● **Data for the task**

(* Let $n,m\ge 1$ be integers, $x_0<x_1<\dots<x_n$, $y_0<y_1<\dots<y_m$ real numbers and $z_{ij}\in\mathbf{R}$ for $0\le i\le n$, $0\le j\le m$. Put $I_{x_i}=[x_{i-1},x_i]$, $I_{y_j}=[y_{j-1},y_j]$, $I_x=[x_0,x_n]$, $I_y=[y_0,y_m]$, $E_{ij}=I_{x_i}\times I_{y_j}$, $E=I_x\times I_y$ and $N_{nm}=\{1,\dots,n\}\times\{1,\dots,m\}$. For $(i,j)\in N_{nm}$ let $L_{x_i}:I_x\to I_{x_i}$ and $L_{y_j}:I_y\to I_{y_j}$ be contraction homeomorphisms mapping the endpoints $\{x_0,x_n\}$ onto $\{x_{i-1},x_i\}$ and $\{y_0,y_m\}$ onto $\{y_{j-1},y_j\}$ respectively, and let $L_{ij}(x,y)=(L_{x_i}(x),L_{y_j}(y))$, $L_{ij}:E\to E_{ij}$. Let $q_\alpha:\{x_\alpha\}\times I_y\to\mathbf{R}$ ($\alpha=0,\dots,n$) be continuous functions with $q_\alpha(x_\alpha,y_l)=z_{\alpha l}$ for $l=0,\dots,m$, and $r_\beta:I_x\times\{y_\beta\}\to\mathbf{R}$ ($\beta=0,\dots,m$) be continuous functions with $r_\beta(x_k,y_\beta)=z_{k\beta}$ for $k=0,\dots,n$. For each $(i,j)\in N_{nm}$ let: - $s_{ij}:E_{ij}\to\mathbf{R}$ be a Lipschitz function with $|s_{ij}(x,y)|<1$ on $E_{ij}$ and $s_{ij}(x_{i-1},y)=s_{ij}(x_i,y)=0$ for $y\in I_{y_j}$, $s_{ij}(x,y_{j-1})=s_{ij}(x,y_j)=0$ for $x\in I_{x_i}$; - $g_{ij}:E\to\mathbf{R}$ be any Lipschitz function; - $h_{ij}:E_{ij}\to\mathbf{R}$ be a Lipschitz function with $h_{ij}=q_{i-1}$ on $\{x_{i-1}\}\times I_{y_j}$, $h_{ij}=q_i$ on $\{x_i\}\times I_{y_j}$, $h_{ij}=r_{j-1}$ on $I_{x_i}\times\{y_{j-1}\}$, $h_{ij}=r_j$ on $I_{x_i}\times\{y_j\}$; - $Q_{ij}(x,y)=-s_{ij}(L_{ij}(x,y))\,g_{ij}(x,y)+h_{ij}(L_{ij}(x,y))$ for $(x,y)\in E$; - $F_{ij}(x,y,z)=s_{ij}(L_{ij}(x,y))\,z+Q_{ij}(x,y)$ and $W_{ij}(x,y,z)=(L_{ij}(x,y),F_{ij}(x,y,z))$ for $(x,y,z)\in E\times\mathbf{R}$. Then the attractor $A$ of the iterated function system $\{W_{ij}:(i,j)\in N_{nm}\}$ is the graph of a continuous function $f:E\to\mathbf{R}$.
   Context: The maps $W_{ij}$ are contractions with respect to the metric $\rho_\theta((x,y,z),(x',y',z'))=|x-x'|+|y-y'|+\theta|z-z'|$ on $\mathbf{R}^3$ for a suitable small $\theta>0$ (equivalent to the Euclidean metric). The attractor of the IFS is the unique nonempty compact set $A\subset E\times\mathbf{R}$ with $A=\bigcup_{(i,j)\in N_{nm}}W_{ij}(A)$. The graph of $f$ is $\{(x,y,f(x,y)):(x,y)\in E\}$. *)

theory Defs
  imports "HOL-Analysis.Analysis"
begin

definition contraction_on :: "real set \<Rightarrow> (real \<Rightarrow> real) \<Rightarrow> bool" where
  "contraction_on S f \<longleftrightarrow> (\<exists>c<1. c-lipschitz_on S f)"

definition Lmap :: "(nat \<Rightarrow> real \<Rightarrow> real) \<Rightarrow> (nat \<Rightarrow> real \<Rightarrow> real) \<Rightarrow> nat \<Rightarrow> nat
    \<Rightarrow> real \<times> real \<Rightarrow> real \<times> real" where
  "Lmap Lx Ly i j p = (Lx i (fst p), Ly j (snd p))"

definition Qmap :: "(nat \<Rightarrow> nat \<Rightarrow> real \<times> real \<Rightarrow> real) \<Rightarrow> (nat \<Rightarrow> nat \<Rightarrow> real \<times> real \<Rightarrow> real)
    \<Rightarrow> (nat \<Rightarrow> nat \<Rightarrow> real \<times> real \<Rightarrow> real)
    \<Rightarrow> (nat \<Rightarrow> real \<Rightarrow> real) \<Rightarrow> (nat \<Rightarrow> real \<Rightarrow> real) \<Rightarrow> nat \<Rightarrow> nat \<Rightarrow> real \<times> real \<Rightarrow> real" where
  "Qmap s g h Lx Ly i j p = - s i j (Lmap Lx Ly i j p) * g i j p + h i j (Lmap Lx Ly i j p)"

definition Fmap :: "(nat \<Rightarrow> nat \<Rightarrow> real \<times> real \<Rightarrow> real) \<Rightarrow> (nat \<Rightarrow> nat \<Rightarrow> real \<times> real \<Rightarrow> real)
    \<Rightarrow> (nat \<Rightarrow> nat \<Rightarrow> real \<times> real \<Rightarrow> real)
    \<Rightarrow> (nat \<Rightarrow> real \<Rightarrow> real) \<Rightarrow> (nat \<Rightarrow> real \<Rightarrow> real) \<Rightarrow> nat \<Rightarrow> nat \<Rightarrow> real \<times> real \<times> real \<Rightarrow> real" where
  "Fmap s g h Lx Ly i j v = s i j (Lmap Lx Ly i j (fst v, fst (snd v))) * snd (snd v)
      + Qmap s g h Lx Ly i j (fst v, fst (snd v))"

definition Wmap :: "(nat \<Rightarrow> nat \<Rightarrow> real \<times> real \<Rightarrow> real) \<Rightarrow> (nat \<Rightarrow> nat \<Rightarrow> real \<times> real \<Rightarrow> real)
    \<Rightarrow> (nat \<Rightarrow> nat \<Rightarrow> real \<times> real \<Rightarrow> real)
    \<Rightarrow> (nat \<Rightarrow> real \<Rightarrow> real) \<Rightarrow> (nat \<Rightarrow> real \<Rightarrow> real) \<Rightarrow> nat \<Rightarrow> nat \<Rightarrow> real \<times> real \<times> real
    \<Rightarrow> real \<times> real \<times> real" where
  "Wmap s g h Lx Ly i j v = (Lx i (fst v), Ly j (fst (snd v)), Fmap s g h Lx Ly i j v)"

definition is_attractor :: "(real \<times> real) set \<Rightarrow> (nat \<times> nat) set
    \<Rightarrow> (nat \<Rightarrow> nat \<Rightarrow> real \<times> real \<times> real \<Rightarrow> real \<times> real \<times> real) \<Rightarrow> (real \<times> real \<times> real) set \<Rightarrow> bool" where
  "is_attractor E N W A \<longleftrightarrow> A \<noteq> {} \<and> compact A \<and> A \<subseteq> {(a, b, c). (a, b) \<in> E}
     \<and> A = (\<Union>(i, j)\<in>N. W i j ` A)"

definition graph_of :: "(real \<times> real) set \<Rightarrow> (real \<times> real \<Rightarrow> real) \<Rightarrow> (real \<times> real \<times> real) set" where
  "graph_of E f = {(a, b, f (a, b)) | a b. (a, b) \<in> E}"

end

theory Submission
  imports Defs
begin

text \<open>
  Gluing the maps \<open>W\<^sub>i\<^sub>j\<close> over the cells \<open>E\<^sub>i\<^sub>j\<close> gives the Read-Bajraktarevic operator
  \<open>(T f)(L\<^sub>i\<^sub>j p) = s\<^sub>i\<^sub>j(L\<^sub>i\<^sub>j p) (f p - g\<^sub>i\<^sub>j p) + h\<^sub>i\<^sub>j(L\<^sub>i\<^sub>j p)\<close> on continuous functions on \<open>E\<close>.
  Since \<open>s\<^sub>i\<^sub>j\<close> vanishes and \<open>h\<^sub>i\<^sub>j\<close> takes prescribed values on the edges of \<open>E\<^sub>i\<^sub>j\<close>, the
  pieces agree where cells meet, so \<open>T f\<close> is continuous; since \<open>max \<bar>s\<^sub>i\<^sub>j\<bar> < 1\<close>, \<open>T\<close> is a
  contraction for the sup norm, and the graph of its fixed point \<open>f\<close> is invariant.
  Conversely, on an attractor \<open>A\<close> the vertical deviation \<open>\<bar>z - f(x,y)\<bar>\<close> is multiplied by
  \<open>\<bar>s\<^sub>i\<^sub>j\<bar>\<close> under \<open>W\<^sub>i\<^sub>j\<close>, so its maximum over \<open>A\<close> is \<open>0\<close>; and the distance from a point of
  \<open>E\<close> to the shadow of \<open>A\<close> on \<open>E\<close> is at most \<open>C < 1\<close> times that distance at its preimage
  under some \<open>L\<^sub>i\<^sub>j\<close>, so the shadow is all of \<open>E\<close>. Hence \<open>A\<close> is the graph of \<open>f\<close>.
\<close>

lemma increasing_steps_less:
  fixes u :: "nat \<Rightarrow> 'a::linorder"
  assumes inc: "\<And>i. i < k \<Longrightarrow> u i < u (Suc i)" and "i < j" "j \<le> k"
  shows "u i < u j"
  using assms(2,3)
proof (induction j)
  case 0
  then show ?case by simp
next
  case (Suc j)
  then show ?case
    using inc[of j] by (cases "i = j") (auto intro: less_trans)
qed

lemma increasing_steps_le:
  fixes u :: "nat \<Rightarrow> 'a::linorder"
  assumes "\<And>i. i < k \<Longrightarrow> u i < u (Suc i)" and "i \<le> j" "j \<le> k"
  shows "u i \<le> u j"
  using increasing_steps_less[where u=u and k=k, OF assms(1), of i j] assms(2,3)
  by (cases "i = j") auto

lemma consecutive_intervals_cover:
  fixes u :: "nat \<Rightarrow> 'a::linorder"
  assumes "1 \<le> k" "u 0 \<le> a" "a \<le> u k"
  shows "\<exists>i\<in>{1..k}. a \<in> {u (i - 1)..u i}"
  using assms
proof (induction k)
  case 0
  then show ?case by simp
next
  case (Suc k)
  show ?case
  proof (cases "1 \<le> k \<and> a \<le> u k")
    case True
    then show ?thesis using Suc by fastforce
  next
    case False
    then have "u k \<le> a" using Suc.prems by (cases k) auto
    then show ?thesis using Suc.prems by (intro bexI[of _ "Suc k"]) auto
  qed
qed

● **What to work on**
Your answer must be the line that contains "using assms(2,3)" and every line after it to the end of the records, reproduced exactly.

● **Solution to the problem**
  using assms(2,3)
proof (induction j)
  case 0
  then show ?case by simp
next
  case (Suc j)
  then show ?case
    using inc[of j] by (cases "i = j") (auto intro: less_trans)
qed

lemma increasing_steps_le:
  fixes u :: "nat \<Rightarrow> 'a::linorder"
  assumes "\<And>i. i < k \<Longrightarrow> u i < u (Suc i)" and "i \<le> j" "j \<le> k"
  shows "u i \<le> u j"
  using increasing_steps_less[where u=u and k=k, OF assms(1), of i j] assms(2,3)
  by (cases "i = j") auto

lemma consecutive_intervals_cover:
  fixes u :: "nat \<Rightarrow> 'a::linorder"
  assumes "1 \<le> k" "u 0 \<le> a" "a \<le> u k"
  shows "\<exists>i\<in>{1..k}. a \<in> {u (i - 1)..u i}"
  using assms
proof (induction k)
  case 0
  then show ?case by simp
next
  case (Suc k)
  show ?case
  proof (cases "1 \<le> k \<and> a \<le> u k")
    case True
    then show ?thesis using Suc by fastforce
  next
    case False
    then have "u k \<le> a" using Suc.prems by (cases k) auto
    then show ?thesis using Suc.prems by (intro bexI[of _ "Suc k"]) auto
  qed
qed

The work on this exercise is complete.